Amplification of light and random laser action in partially ordered dye-doped nematics

Experimental evidence of random laser action in a partially ordered, dye doped nematic liquid crystal with long-range dielectric tensor fluctuations is presented. When exceeding a certain threshold pump power value, the fluorescence curve in the system collapses and distinct sharp peaks emerge above the residual spontaneous emission spectrum. Unlike distributed feedback mirror-less lasers, this nematic system can be regarded as a cavity-less microlaser where the partially ordered bulk surprisingly plays the amplifying role, acting as a randomly distributed feedback laser. Here, the unforeseen surviving of constructive interference in repeated multiple scattering events of the dye emitted photons provide the necessary optical feedback for lasing in our liquid crystalline material.
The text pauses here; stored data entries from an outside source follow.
lemma abs_le_average_plus_integral_deriv:
  fixes \<phi> \<phi>' :: "real \<Rightarrow> real"
  assumes \<phi>: "\<And>t. (\<phi> has_real_derivative \<phi>' t) (at t)" and \<phi>': "continuous_on UNIV \<phi>'"
    and x: "x \<in> {-pi..pi}"
  shows "\<bar>\<phi> x\<bar> \<le> integral {-pi..pi} (\<lambda>t. \<bar>\<phi> t\<bar>) / (2 * pi) + integral {-pi..pi} (\<lambda>t. \<bar>\<phi>' t\<bar>)"
proof -
  have cont_\<phi>: "continuous_on UNIV \<phi>"
    using \<phi> by (meson DERIV_isCont continuous_at_imp_continuous_on)
  have "continuous_on {-pi..pi} (\<lambda>t. \<bar>\<phi> t\<bar>)"
    by (intro continuous_intros continuous_on_subset[OF cont_\<phi>]) auto
  then obtain t0 where t0: "t0 \<in> {-pi..pi}" "\<And>t. t \<in> {-pi..pi} \<Longrightarrow> \<bar>\<phi> t0\<bar> \<le> \<bar>\<phi> t\<bar>"
    using continuous_attains_inf[of "{-pi..pi}" "\<lambda>t. \<bar>\<phi> t\<bar>"] by auto
  have "2 * pi * \<bar>\<phi> t0\<bar> = integral {-pi..pi} (\<lambda>t. \<bar>\<phi> t0\<bar>)"
    by simp
  also have "\<dots> \<le> integral {-pi..pi} (\<lambda>t. \<bar>\<phi> t\<bar>)"
    using t0 cont_\<phi> by (intro integral_le integrable_continuous_interval continuous_intros)
      (auto intro: continuous_on_subset)
  finally have min_le_average: "\<bar>\<phi> t0\<bar> \<le> integral {-pi..pi} (\<lambda>t. \<bar>\<phi> t\<bar>) / (2 * pi)"
    by (simp add: field_simps)
  define c d where "c = min x t0" and "d = max x t0"
  have cd: "c \<le> d" "{c..d} \<subseteq> {-pi..pi}"
    using x t0 by (auto simp: c_def d_def)
  have "(\<phi>' has_integral (\<phi> d - \<phi> c)) {c..d}"
    using \<phi> cd(1) by (intro fundamental_theorem_of_calculus)
      (auto intro: has_field_derivative_at_within simp flip: has_real_derivative_iff_has_vector_derivative)
  then have "\<bar>\<phi> d - \<phi> c\<bar> \<le> integral {c..d} (\<lambda>t. \<bar>\<phi>' t\<bar>)"
    using integral_norm_bound_integral[of \<phi>' "{c..d}" "\<lambda>t. \<bar>\<phi>' t\<bar>"] \<phi>'
    by (auto intro!: integrable_continuous_interval continuous_intros intro: continuous_on_subset
        simp: integral_unique)
  also have "\<dots> \<le> integral {-pi..pi} (\<lambda>t. \<bar>\<phi>' t\<bar>)"
    using cd(2) \<phi>' by (intro integral_subset_le integrable_continuous_interval continuous_intros)
      (auto intro: continuous_on_subset)
  finally have "\<bar>\<phi> x - \<phi> t0\<bar> \<le> integral {-pi..pi} (\<lambda>t. \<bar>\<phi>' t\<bar>)"
    by (cases "x \<le> t0") (auto simp: c_def d_def abs_minus_commute)
  with min_le_average show ?thesis
    by linarith
qed

lemma integral_abs_le_L2:
  assumes "continuous_on T2 h"
  shows "integral T2 (\<lambda>z. \<bar>h z\<bar>) \<le> 2 * pi * sqrt (L2sq h)"
proof -
  have "L2sq (\<lambda>z. 1) = (2 * pi)\<^sup>2"
    unfolding L2sq_def T2_eq_cbox by (simp add: content_Pair power2_eq_square)
  then have "sqrt (L2sq (\<lambda>z. 1)) = 2 * pi"
    by (simp only: real_sqrt_abs) simp
  then show ?thesis
    using Cauchy_Schwarz_integral_T2[of h "\<lambda>z. 1"] assms by (simp add: mult.commute)
qed

lemma integral_abs_pdm_le_Hnorm:
  assumes "smooth u" "a + b \<le> k"
  shows "integral T2 (\<lambda>z. \<bar>pdm a b u z\<bar>) \<le> 2 * pi * Hnorm k u"
proof -
  have "integral T2 (\<lambda>z. \<bar>pdm a b u z\<bar>) \<le> 2 * pi * sqrt (L2sq (pdm a b u))"
    using assms by (intro integral_abs_le_L2 smooth_continuous_on smooth_pdm)
  also have "\<dots> \<le> 2 * pi * Hnorm k u"
    unfolding Hnorm_def using assms by (intro mult_left_mono real_sqrt_le_mono L2sq_pdm_le_Hsq) auto
  finally show ?thesis .
qed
The random laser emission has attractive features, such as an extremely narrow banded linewidth (0.5 nm FWHM), low emission threshold (30 mu J/mm(2)) and a very high efficiency (>20%). Different confining geometries are experimentally investigated, while obtaining intensity fluctuations of the spatially overlapping speckle-like emission patterns clearly demonstrates the typical spatio-temporal randomness of diffusive laser emission. These interesting inorganic lasing systems could represent an exceptionally promising route for fundamental prospective studies with strong technological implications for integrated optical systems, nanophotonics and optoelectronic fields.